Federated Learning (FL) has emerged as a promising solution for data hunger in centralized learning. This paradigm enables privacy with multiple clients to train a shared-task model collaboratively without exposing their local data. While being a key component in any learning system, data is also a primary source of vulnerabilities and challenges, and a major determinant of a stable and well-converged training. Existing FL reviews describe general foundations, security practices, opportunities, challenges, and applications, without delving into diverse aspects of data and considering problems from the data perspective. They rarely provide a data-lens synthesis that links concrete data properties, split protocols, and defenses to convergence speed and stability. This survey fills that gap with three advances. First, we analyze non-IID into measurable traits and rank their influence on convergence as strong, medium, or light, explaining the mechanisms behind each and reconciling evidence across images, texts, and graphs. Second, we connect experimental splitting practices to the real phenomena they emulate, expose the artifacts they introduce, and show how those artifacts affect target accuracy. Third, we analyze how data-related vulnerabilities and their proposed defenses affect convergence, reporting performance under clean and adversarial conditions to make the convergence-robustness trade-off explicit. To our knowledge, this is the first survey to provide a complete understanding of data-related challenges that govern FL. With clear takeaways distilled for each concern, our work serves as actionable guidance, helping practitioners design their system with predictable convergence and stability.

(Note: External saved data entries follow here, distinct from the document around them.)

(* Let $\mathcal{U}$ be a set of optimization problems equipped with a binary relation $\subseteq_{\mathcal{S}}$ ("is a subproblem of") that is transitive: for all $\mathcal{P}_1,\mathcal{P}_2,\mathcal{P}_3\in\mathcal{U}$, if $\mathcal{P}_1\subseteq_{\mathcal{S}}\mathcal{P}_2$ and $\mathcal{P}_2\subseteq_{\mathcal{S}}\mathcal{P}_3$ then $\mathcal{P}_1\subseteq_{\mathcal{S}}\mathcal{P}_3$. Let $\mathbb{T}$ be a finite rooted tree whose nodes are labelled by problems in $\mathcal{U}$, whose root $\mathcal{R}$ satisfies $\mathcal{R}\subseteq_{\mathcal{S}}\mathcal{P}$ for every $\mathcal{P}\in\mathcal{U}$, and which is subproblem order-preserving, i.e. whenever node $\mathcal{P}_i$ is an ancestor of node $\mathcal{P}_j$, we have $\mathcal{P}_i\subseteq_{\mathcal{S}}\mathcal{P}_j$. Let $\mathcal{P}\in\mathcal{U}$ be a new problem, and let $\mathcal{P}^{(M)}$ be the node obtained by the following search: start at the current node $\mathcal{N}=\mathcal{R}$; while some child $\mathcal{Q}$ of $\mathcal{N}$ satisfies $\mathcal{Q}\subseteq_{\mathcal{S}}\mathcal{P}$, move $\mathcal{N}$ to one such child; when no child of $\mathcal{N}$ satisfies this, set $\mathcal{P}^{(M)}=\mathcal{N}$. Form the tree $\mathbb{T}'$ by inserting $\mathcal{P}$ as a new child of $\mathcal{P}^{(M)}$, and, for each child $\mathcal{P}^{(M)}_k$ of $\mathcal{P}^{(M)}$ in $\mathbb{T}$: if $\mathcal{P}\subseteq_{\mathcal{S}}\mathcal{P}^{(M)}_k$, re-attach $\mathcal{P}^{(M)}_k$ (with its subtree) as a child of $\mathcal{P}$; otherwise leave $\mathcal{P}^{(M)}_k$ as a child of $\mathcal{P}^{(M)}$ (a sibling of $\mathcal{P}$). Then $\mathbb{T}'$ is again subproblem order-preserving. Consequently, any sequence of such insertions starting from the tree consisting only of the root preserves the subproblem order-preserving property.
   Context: In the paper, problems are operations-research optimization problems and $\tilde{\mathcal{P}}\subseteq_{\mathcal{S}}\mathcal{P}$ means $\tilde{\mathcal{P}}$ is a subproblem of $\mathcal{P}$ (its optimization model is obtained from that of $\mathcal{P}$ by keeping a subset of the variables, the part of the objective depending only on them, and some of the constraints restricted to them); the paper asserts this relation is transitive. The root of the "modeling tree" is an abstract problem class of which every problem is regarded as a subproblem-extension. A modeling tree is called subproblem order-preserving if every ancestor node's problem is a subproblem of every descendant node's problem. The update procedure is the tree search followed by node insertion described in the claim. *)

theory Defs
  imports Main
begin

datatype 'p rtree = Node 'p "'p rtree list"

fun label :: "'p rtree \<Rightarrow> 'p" where
  "label (Node p ts) = p"

fun children :: "'p rtree \<Rightarrow> 'p rtree list" where
  "children (Node p ts) = ts"

fun labels :: "'p rtree \<Rightarrow> 'p set" where
  "labels (Node p ts) = insert p (\<Union>t\<in>set ts. labels t)"

text \<open>Subproblem order-preserving: every ancestor is a subproblem of every
  (proper) descendant.\<close>
fun order_preserving :: "('p \<Rightarrow> 'p \<Rightarrow> bool) \<Rightarrow> 'p rtree \<Rightarrow> bool" where
  "order_preserving sub (Node p ts) =
     ((\<forall>t\<in>set ts. \<forall>q\<in>labels t. sub p q) \<and> (\<forall>t\<in>set ts. order_preserving sub t))"

text \<open>The update procedure: search (nondeterministically descend into some child
  Q with sub Q P while possible), then insert P at the reached node P^(M),
  moving the children Q' of P^(M) with sub P Q' (with their subtrees) below P.
  update sub P T T' means T' is a possible result of updating T by P.\<close>
inductive update :: "('p \<Rightarrow> 'p \<Rightarrow> bool) \<Rightarrow> 'p \<Rightarrow> 'p rtree \<Rightarrow> 'p rtree \<Rightarrow> bool"
  for sub :: "'p \<Rightarrow> 'p \<Rightarrow> bool" and P :: 'p where
  insert_here:
    "(\<forall>t\<in>set ts. \<not> sub (label t) P) \<Longrightarrow>
     update sub P (Node r ts)
       (Node r (filter (\<lambda>t. \<not> sub P (label t)) ts @
                [Node P (filter (\<lambda>t. sub P (label t)) ts)]))"
| descend:
    "i < length ts \<Longrightarrow> sub (label (ts ! i)) P \<Longrightarrow> update sub P (ts ! i) t' \<Longrightarrow>
     update sub P (Node r ts) (Node r (ts[i := t']))"

inductive reachable :: "('p \<Rightarrow> 'p \<Rightarrow> bool) \<Rightarrow> 'p set \<Rightarrow> 'p \<Rightarrow> 'p rtree \<Rightarrow> bool"
  for sub :: "'p \<Rightarrow> 'p \<Rightarrow> bool" and U :: "'p set" and R :: 'p where
  root_only: "reachable sub U R (Node R [])"
| step: "reachable sub U R T \<Longrightarrow> P \<in> U \<Longrightarrow> update sub P T T' \<Longrightarrow> reachable sub U R T'"

end

theory Submission
  imports Defs
begin

text \<open>The search only descends into subproblems of \<open>P\<close>, so by transitivity every
  ancestor of the inserted node is a subproblem of \<open>P\<close>. A subtree is re-attached
  below \<open>P\<close> only if \<open>P\<close> is a subproblem of its root, and then, by transitivity again,
  of every node in it. The reachable trees have root \<open>R\<close> and labels in \<open>U\<close>, so
  every insertion starts from a tree satisfying these hypotheses.\<close>

lemma insert_nth_set_update:
  assumes "i < length xs"
  shows "insert (xs ! i) (set (xs[i := y])) = insert y (set xs)"
  using set_update_subset_insert[of xs i y] set_update_memI[OF assms, of y] nth_mem[OF assms]
    set_update_subset_insert[of "xs[i := y]" i "xs ! i"]
  by (auto simp: list_update_overwrite)

lemma label_in_labels: "label t \<in> labels t"
  by (cases t) auto

lemma label_update: "update sub P T T' \<Longrightarrow> label T' = label T"
  by (induction rule: update.induct) auto

lemma labels_update: "update sub P T T' \<Longrightarrow> labels T' = insert P (labels T)"
proof (induction rule: update.induct)
  case (insert_here ts r)
  then show ?case by auto
next
  case (descend i ts t' r)
  have "(\<Union>t\<in>set (ts[i := t']). labels t) = (\<Union>t\<in>insert (ts ! i) (set (ts[i := t'])). labels t)"
    using descend.IH set_update_memI[OF descend.hyps(1)] by auto
  also have "\<dots> = insert P (\<Union>t\<in>set ts. labels t)"
    using descend.IH nth_mem[OF descend.hyps(1)]
    by (auto simp: insert_nth_set_update[OF descend.hyps(1)])
  finally show ?case by auto
qed

lemma order_preserving_root_sub:
  "order_preserving sub t \<Longrightarrow> q \<in> labels t \<Longrightarrow> q \<noteq> label t \<Longrightarrow> sub (label t) q"
  by (cases t) auto

lemma order_preserving_update:
  assumes trans: "transp_on U sub"
  shows "update sub P T T' \<Longrightarrow> P \<in> U \<Longrightarrow> labels T \<subseteq> U \<Longrightarrow> order_preserving sub T
    \<Longrightarrow> sub (label T) P \<Longrightarrow> order_preserving sub T'"
proof (induction rule: update.induct)
  case (insert_here ts r)
  let ?moved = "filter (\<lambda>t. sub P (label t)) ts"
  have moved_below_P: "sub P q" if t: "t \<in> set ?moved" and q: "q \<in> labels t" for t q
  proof (cases "q = label t")
    case False
    then have "sub (label t) q"
      using order_preserving_root_sub[of sub t q] q t insert_here.prems(3) by simp
    moreover have "label t \<in> U" "q \<in> U"
      using insert_here.prems(2) t q label_in_labels by fastforce+
    ultimately show ?thesis
      using transp_onD[OF trans, of P "label t" q] insert_here.prems(1) t by simp
  qed (use t in simp)
  have "order_preserving sub (Node P ?moved)"
    using moved_below_P insert_here.prems(3) by simp
  moreover have "\<forall>q\<in>labels (Node P ?moved). sub r q"
    using insert_here.prems(3,4) by auto
  ultimately show ?case using insert_here.prems(3) by auto
next
  case (descend i ts t' r)
  let ?t = "ts ! i"
  have t_mem: "?t \<in> set ts" using descend.hyps(1) by simp
  have "order_preserving sub t'"
    using descend.IH descend.hyps(2) descend.prems t_mem by auto
  then have children_op: "\<forall>u\<in>insert t' (set ts). order_preserving sub u"
    using descend.prems(3) by simp
  have "sub r P"
  proof -
    have "sub r (label ?t)"
      using descend.prems(3) t_mem label_in_labels by fastforce
    moreover have "label ?t \<in> U"
      using descend.prems(2) t_mem label_in_labels by fastforce
    ultimately show ?thesis
      using transp_onD[OF trans, of r "label ?t" P] descend.hyps(2) descend.prems(1,2) by simp
  qed
  then have children_below_r: "\<forall>u\<in>insert t' (set ts). \<forall>q\<in>labels u. sub r q"
    using labels_update[OF descend.hyps(3)] descend.prems(3) t_mem by auto
  show ?case
    using children_op children_below_r set_update_subset_insert[of ts i t'] by (simp, blast)
qed

lemma reachable_label_labels:
  "reachable sub U R T \<Longrightarrow> R \<in> U \<Longrightarrow> label T = R \<and> labels T \<subseteq> U"
  by (induction rule: reachable.induct) (auto simp: label_update labels_update)

theorem proposition1:
  fixes sub :: "'p \<Rightarrow> 'p \<Rightarrow> bool" and U :: "'p set" and R :: 'p
  assumes trans: "\<And>P1 P2 P3. P1 \<in> U \<Longrightarrow> P2 \<in> U \<Longrightarrow> P3 \<in> U \<Longrightarrow>
                     sub P1 P2 \<Longrightarrow> sub P2 P3 \<Longrightarrow> sub P1 P3"
    and R_in: "R \<in> U"
    and root: "\<And>Q. Q \<in> U \<Longrightarrow> sub R Q"
  shows "(\<forall>T P T'. label T = R \<and> labels T \<subseteq> U \<and> order_preserving sub T \<and> P \<in> U
            \<and> update sub P T T' \<longrightarrow> order_preserving sub T')
       \<and> (\<forall>T. reachable sub U R T \<longrightarrow> order_preserving sub T)"
proof -
  have transp: "transp_on U sub" using trans by (blast intro: transp_onI)
  have update_step: "\<forall>T P T'. label T = R \<and> labels T \<subseteq> U \<and> order_preserving sub T \<and> P \<in> U
            \<and> update sub P T T' \<longrightarrow> order_preserving sub T'"
  proof (intro allI impI)
    fix T P T'
    assume "label T = R \<and> labels T \<subseteq> U \<and> order_preserving sub T \<and> P \<in> U \<and> update sub P T T'"
    then show "order_preserving sub T'" using order_preserving_update[OF transp] root by auto
  qed
  have "order_preserving sub T" if "reachable sub U R T" for T
    using that
  proof (induction rule: reachable.induct)
    case (step T P T')
    then show ?case using update_step reachable_label_labels[OF step.hyps(1) R_in] by blast
  qed simp
  with update_step show ?thesis by blast
qed

end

翻译：联邦学习（FL）已成为解决集中学习中数据匮乏问题的有前景方案。该范式允许多个客户端在保护隐私的前提下，协同训练共享任务模型而无需暴露本地数据。作为任何学习系统的关键组成部分，数据既是脆弱性与挑战的主要来源，也是稳定且良好收敛训练过程的主要决定因素。现有FL综述描述了通用基础、安全实践、机遇、挑战和应用，但未深入探讨数据的多方面特性，也未从数据视角审视问题。这类综述很少提供一种将具体数据属性、分割协议与防御机制同收敛速度与稳定性相关联的数据透镜式综合。本综述通过三大进展填补这一空白。首先，我们将非独立同分布分解为可量化特征，并按其对收敛的影响程度划分为强、中、弱三级，阐明每种影响背后的机制，并调和图像、文本和图形领域中的证据。第二，我们将实验性数据分割实践与实际模拟的现象联系起来，揭示其引入的人为痕迹，并展示这些痕迹如何影响目标精度。第三，我们分析数据相关脆弱性及其所提防御机制对收敛的影响，报告在干净与对抗条件下的性能，以明确收敛-鲁棒性的权衡。据我们所知，这是首篇全面理解制约FL的数据相关挑战的综述。通过为每个关注点提炼出清晰的结论，我们的工作可作为可操作的指南，帮助从业者设计具有可预测收敛性与稳定性的系统。